Collection entries
***

lemma nn_integral_exp_shifted_power_eq_erlang_CDF:
  assumes L: "L > 0" and c: "c \<ge> 0"
  shows "(\<integral>\<^sup>+t. ennreal (L * exp (- L * t)) * indicator {..D} t
            * ennreal (c * (if t0 \<le> t then (t - t0) ^ n else 0)) \<partial>lborel)
     = ennreal (c * exp (- L * t0) * fact n / L ^ n * erlang_CDF n L (D - t0))"
proof -
  define C where "C = c * exp (- L * t0) * fact n / L ^ n"
  have C: "C \<ge> 0"
    using L c by (simp add: C_def)
  have "(\<integral>\<^sup>+t. ennreal (L * exp (- L * t)) * indicator {..D} t
            * ennreal (c * (if t0 \<le> t then (t - t0) ^ n else 0)) \<partial>lborel)
     = (\<integral>\<^sup>+s. ennreal (L * exp (- L * (t0 + 1 * s))) * indicator {..D} (t0 + 1 * s)
            * ennreal (c * (if t0 \<le> t0 + 1 * s then (t0 + 1 * s - t0) ^ n else 0)) \<partial>lborel)"
    by (subst nn_integral_real_affine[where c=1 and t=t0]) auto
  also have "\<dots> = (\<integral>\<^sup>+s. ennreal C * (ennreal (erlang_density n L s) * indicator {..D - t0} s) \<partial>lborel)"
  proof (intro nn_integral_cong)
    fix s :: real
    show "ennreal (L * exp (- L * (t0 + 1 * s))) * indicator {..D} (t0 + 1 * s)
            * ennreal (c * (if t0 \<le> t0 + 1 * s then (t0 + 1 * s - t0) ^ n else 0))
       = ennreal C * (ennreal (erlang_density n L s) * indicator {..D - t0} s)"
    proof (cases "s \<ge> 0 \<and> t0 + s \<le> D")
      case True
      have "L * exp (- L * (t0 + s)) * (c * s ^ n) = C * erlang_density n L s"
        using True L by (simp add: C_def erlang_density_def field_simps exp_add[symmetric] exp_diff)
      moreover have "L * exp (- L * (t0 + s)) \<ge> 0"
        using L by simp
      ultimately show ?thesis
        using True c C by (simp add: ennreal_mult'[symmetric] indicator_def)
    next
      case False
      then show ?thesis by (auto simp: indicator_def erlang_density_def)
    qed
  qed
  also have "\<dots> = ennreal C * ennreal (erlang_CDF n L (D - t0))"
    by (subst nn_integral_cmult) (auto simp: nn_integral_erlang_density[OF L])
  also have "\<dots> = ennreal (C * erlang_CDF n L (D - t0))"
    using C by (simp add: ennreal_mult')
  finally show ?thesis
    by (simp add: C_def)
qed

lemma nn_integral_exp_sublevel_of_power_volume:
  fixes d :: "'a \<Rightarrow> real"
  assumes L: "L > 0" and c: "c \<ge> 0" and "t0 \<le> D"
    and [measurable]: "d \<in> borel_measurable M" and "sigma_finite_measure M"
    and volume: "\<And>t. (\<integral>\<^sup>+Z. indicator {Z. d Z \<le> t} Z \<partial>M) = ennreal (c * (if t0 \<le> t then (t - t0) ^ n else 0))"
  shows "(\<integral>\<^sup>+Z. indicator {Z. d Z \<le> D} Z * ennreal (exp (- L * d Z)) \<partial>M)
    = ennreal (c * fact n / L ^ n * (exp (- L * t0) - exp (- L * D) * (\<Sum>i<n. (L * (D - t0)) ^ i / fact i)))"
proof -
  define T where "T = D - t0"
  define S where "S = (\<Sum>i<n. (L * T) ^ i / fact i)"
  have T: "T \<ge> 0" using \<open>t0 \<le> D\<close> by (simp add: T_def)
  have exp_D: "exp (- L * D) = exp (- L * t0) * exp (- L * T)"
    by (simp add: T_def flip: exp_add) (simp add: algebra_simps)
  have "(\<Sum>i\<le>n. (L * T) ^ i * exp (- L * T) / fact i) = exp (- L * T) * (\<Sum>i\<le>n. (L * T) ^ i / fact i)"
    by (simp add: sum_distrib_left mult_ac)
  then have erlang: "erlang_CDF n L T = 1 - exp (- L * T) * (S + (L * T) ^ n / fact n)"
    using T by (simp add: erlang_CDF_def S_def flip: lessThan_Suc_atMost)
  have closed_form: "exp (- L * D) * (c * T ^ n) + c * exp (- L * t0) * fact n / L ^ n * erlang_CDF n L T
      = c * fact n / L ^ n * (exp (- L * t0) - exp (- L * D) * S)"
    using L unfolding exp_D erlang by (simp add: power_mult_distrib field_simps)
  have "(\<integral>\<^sup>+Z. indicator {Z. d Z \<le> D} Z * ennreal (exp (- L * d Z)) \<partial>M)
      = ennreal (exp (- L * D)) * ennreal (c * T ^ n)
        + ennreal (c * exp (- L * t0) * fact n / L ^ n * erlang_CDF n L T)"
    unfolding nn_integral_exp_sublevel_layer_cake[OF assms(1,4,5)] volume
      nn_integral_exp_shifted_power_eq_erlang_CDF[OF L c] T_def
    using \<open>t0 \<le> D\<close> by simp
  also have "\<dots> = ennreal (exp (- L * D) * (c * T ^ n) + c * exp (- L * t0) * fact n / L ^ n * erlang_CDF n L T)"
    using L c T by (simp add: ennreal_mult'[symmetric] ennreal_plus[symmetric] del: ennreal_plus)
  finally show ?thesis
    unfolding closed_form by (simp add: S_def T_def)
qed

***

Aim of the task:
Take the lines from the one containing "by (simp add: sum_distrib_left mult_ac)" through the final line of the entries above, and set them down exactly, with nothing added.

Answer box:
    by (simp add: sum_distrib_left mult_ac)
  then have erlang: "erlang_CDF n L T = 1 - exp (- L * T) * (S + (L * T) ^ n / fact n)"
    using T by (simp add: erlang_CDF_def S_def flip: lessThan_Suc_atMost)
  have closed_form: "exp (- L * D) * (c * T ^ n) + c * exp (- L * t0) * fact n / L ^ n * erlang_CDF n L T
      = c * fact n / L ^ n * (exp (- L * t0) - exp (- L * D) * S)"
    using L unfolding exp_D erlang by (simp add: power_mult_distrib field_simps)
  have "(\<integral>\<^sup>+Z. indicator {Z. d Z \<le> D} Z * ennreal (exp (- L * d Z)) \<partial>M)
      = ennreal (exp (- L * D)) * ennreal (c * T ^ n)
        + ennreal (c * exp (- L * t0) * fact n / L ^ n * erlang_CDF n L T)"
    unfolding nn_integral_exp_sublevel_layer_cake[OF assms(1,4,5)] volume
      nn_integral_exp_shifted_power_eq_erlang_CDF[OF L c] T_def
    using \<open>t0 \<le> D\<close> by simp
  also have "\<dots> = ennreal (exp (- L * D) * (c * T ^ n) + c * exp (- L * t0) * fact n / L ^ n * erlang_CDF n L T)"
    using L c T by (simp add: ennreal_mult'[symmetric] ennreal_plus[symmetric] del: ennreal_plus)
  finally show ?thesis
    unfolding closed_form by (simp add: S_def T_def)
qed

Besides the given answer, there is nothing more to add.